THE RECORDS -
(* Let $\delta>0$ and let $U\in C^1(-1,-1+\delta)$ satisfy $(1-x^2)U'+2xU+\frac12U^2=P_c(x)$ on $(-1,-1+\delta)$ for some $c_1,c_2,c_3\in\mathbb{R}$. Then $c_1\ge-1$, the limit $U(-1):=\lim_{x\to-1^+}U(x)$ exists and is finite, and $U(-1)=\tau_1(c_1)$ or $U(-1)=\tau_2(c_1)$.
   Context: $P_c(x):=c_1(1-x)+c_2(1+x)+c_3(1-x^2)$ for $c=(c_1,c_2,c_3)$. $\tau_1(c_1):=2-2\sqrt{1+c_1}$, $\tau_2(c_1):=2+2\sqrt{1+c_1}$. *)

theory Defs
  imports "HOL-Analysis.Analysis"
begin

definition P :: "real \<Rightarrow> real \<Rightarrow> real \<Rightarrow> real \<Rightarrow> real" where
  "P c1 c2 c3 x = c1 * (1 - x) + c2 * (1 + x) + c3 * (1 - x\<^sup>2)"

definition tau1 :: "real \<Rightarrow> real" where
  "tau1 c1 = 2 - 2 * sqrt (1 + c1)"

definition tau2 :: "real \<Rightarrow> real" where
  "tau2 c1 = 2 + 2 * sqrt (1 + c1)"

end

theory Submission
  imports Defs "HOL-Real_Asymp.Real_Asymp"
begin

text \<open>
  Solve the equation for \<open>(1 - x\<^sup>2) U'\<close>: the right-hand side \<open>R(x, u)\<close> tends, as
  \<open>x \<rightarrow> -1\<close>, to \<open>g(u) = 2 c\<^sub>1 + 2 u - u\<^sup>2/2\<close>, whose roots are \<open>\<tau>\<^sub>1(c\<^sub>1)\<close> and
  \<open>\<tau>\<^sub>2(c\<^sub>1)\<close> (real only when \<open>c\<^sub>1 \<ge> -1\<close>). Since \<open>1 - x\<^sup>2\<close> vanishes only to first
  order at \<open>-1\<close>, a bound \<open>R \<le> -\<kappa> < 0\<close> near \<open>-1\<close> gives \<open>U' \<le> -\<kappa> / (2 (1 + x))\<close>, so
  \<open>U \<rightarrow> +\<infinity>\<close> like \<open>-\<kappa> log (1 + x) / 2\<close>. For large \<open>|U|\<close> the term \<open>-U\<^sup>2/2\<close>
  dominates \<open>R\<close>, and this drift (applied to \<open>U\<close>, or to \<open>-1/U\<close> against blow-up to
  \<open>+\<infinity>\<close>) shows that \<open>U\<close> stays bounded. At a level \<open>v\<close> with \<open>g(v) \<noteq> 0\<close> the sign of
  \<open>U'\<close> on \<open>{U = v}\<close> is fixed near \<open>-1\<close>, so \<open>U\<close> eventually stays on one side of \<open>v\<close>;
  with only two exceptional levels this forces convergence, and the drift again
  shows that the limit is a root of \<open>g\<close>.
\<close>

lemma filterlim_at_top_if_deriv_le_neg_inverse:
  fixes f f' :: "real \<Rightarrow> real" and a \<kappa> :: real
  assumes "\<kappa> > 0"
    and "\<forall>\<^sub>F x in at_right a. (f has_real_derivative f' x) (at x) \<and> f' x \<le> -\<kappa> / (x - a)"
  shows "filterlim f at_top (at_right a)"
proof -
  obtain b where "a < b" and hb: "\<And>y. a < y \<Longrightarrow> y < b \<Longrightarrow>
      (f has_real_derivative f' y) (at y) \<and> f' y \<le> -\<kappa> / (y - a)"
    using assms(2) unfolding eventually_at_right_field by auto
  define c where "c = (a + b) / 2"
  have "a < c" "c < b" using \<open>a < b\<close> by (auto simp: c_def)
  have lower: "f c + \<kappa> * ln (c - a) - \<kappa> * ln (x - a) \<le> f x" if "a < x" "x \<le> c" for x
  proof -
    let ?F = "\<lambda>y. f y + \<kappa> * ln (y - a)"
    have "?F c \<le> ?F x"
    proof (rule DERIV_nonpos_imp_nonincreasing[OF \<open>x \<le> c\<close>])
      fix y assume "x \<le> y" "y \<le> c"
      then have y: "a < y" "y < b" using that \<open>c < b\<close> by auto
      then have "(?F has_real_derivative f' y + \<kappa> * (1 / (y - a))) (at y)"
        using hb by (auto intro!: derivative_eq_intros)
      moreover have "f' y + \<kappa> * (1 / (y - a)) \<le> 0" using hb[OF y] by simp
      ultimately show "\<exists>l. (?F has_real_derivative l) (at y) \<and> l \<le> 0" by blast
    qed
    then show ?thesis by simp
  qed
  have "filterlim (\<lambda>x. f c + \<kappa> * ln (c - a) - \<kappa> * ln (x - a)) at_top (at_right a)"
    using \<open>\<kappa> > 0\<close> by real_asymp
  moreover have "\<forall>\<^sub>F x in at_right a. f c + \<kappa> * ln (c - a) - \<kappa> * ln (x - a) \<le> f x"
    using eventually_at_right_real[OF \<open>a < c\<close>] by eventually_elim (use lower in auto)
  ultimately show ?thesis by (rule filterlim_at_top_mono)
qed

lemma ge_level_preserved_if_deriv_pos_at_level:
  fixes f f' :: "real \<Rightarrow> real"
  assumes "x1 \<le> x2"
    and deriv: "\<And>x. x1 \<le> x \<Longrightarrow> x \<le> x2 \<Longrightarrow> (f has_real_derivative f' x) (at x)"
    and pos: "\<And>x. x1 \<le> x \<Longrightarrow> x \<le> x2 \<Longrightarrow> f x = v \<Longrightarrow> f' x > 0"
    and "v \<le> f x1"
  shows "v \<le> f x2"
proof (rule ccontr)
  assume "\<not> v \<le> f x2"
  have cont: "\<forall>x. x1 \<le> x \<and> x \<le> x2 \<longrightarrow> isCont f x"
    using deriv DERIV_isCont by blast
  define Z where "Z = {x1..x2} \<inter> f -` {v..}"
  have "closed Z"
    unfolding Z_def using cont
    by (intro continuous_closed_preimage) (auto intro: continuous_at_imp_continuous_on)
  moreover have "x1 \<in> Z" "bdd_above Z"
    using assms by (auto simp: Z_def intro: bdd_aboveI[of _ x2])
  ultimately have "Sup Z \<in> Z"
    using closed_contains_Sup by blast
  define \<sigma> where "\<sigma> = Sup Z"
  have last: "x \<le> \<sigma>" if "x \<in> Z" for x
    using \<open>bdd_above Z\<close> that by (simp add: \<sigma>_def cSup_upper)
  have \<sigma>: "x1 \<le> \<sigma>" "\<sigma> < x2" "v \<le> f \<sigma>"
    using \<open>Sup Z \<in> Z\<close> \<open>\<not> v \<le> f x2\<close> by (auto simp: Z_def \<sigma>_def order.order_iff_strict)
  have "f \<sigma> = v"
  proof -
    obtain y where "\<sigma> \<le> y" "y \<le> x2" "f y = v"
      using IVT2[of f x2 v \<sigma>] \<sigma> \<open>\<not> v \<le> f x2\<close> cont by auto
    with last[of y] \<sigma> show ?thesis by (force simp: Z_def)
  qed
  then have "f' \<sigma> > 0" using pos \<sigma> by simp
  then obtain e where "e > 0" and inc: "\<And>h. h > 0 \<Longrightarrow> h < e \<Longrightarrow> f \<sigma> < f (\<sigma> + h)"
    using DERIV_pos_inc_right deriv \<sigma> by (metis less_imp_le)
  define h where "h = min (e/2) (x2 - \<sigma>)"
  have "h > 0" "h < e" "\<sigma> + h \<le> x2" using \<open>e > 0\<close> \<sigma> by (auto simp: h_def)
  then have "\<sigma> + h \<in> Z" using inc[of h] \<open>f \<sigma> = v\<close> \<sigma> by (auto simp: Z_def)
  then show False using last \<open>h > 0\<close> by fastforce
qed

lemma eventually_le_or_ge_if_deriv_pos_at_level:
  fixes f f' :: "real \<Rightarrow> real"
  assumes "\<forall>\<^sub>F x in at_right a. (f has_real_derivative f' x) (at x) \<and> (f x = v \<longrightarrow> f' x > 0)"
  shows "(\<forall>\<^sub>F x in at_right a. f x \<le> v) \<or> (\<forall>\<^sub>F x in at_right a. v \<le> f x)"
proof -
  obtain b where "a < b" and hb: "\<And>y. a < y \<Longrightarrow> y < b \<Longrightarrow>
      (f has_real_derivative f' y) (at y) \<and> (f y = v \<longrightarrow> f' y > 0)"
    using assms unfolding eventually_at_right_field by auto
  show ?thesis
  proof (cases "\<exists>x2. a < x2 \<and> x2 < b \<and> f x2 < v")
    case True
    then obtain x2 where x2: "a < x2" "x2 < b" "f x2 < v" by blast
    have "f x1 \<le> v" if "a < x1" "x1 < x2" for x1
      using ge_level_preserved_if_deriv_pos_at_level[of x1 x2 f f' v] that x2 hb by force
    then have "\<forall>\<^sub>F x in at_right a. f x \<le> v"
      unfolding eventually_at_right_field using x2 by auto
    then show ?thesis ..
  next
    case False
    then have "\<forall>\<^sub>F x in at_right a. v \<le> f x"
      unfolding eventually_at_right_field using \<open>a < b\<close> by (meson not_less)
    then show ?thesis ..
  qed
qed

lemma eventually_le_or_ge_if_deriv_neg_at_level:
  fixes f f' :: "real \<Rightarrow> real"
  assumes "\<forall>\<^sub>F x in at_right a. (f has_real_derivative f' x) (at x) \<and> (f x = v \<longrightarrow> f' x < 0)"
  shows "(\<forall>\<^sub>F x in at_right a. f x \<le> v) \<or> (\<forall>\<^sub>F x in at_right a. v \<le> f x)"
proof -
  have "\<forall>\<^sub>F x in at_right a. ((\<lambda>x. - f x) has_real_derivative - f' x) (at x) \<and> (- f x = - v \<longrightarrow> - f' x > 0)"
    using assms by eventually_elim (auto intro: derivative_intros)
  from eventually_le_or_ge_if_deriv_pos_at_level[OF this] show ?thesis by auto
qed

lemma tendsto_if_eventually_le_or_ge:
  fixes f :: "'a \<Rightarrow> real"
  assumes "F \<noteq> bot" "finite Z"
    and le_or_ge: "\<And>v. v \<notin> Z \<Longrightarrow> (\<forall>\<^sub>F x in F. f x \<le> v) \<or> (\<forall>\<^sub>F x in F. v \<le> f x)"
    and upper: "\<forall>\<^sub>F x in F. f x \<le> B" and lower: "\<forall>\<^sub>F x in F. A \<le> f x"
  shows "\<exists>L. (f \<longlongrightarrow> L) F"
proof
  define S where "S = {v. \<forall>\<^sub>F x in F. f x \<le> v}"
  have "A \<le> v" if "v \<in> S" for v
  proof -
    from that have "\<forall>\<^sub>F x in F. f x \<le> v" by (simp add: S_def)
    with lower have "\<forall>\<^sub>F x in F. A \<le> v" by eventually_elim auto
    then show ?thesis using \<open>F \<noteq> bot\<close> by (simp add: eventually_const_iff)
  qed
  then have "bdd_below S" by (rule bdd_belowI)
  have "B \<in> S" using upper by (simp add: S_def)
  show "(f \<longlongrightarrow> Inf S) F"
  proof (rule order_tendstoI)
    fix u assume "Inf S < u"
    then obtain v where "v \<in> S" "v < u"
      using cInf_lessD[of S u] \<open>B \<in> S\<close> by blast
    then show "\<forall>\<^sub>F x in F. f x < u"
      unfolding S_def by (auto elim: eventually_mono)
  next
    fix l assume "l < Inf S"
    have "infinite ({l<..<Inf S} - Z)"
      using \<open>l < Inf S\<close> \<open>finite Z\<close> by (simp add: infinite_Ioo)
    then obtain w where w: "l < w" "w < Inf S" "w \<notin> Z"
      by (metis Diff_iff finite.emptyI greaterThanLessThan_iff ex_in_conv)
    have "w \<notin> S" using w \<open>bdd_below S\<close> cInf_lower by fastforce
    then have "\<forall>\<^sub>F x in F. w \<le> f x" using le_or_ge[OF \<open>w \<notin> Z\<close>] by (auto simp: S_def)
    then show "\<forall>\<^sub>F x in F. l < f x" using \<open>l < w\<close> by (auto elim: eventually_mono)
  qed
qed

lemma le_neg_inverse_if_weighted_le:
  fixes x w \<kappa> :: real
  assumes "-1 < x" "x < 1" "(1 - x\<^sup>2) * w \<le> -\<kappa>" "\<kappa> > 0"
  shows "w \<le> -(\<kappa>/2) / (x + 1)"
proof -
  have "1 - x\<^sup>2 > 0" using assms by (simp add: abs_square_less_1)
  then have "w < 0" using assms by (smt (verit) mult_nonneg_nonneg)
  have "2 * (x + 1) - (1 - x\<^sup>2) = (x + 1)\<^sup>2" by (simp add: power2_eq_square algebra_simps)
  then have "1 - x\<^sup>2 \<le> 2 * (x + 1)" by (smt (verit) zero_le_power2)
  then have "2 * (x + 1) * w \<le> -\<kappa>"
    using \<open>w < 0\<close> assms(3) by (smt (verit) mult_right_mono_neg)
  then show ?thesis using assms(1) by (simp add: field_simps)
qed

WORK INSTRUCTION - Each line in the entries above, starting at the line with "theory Submission" and ending at the line with "are \<open>\<tau>\<^sub>1(c\<^sub>1)\<close> and", is to be printed exactly, and only those lines.

SOLVED PROBLEM -
theory Submission
  imports Defs "HOL-Real_Asymp.Real_Asymp"
begin

text \<open>
  Solve the equation for \<open>(1 - x\<^sup>2) U'\<close>: the right-hand side \<open>R(x, u)\<close> tends, as
  \<open>x \<rightarrow> -1\<close>, to \<open>g(u) = 2 c\<^sub>1 + 2 u - u\<^sup>2/2\<close>, whose roots are \<open>\<tau>\<^sub>1(c\<^sub>1)\<close> and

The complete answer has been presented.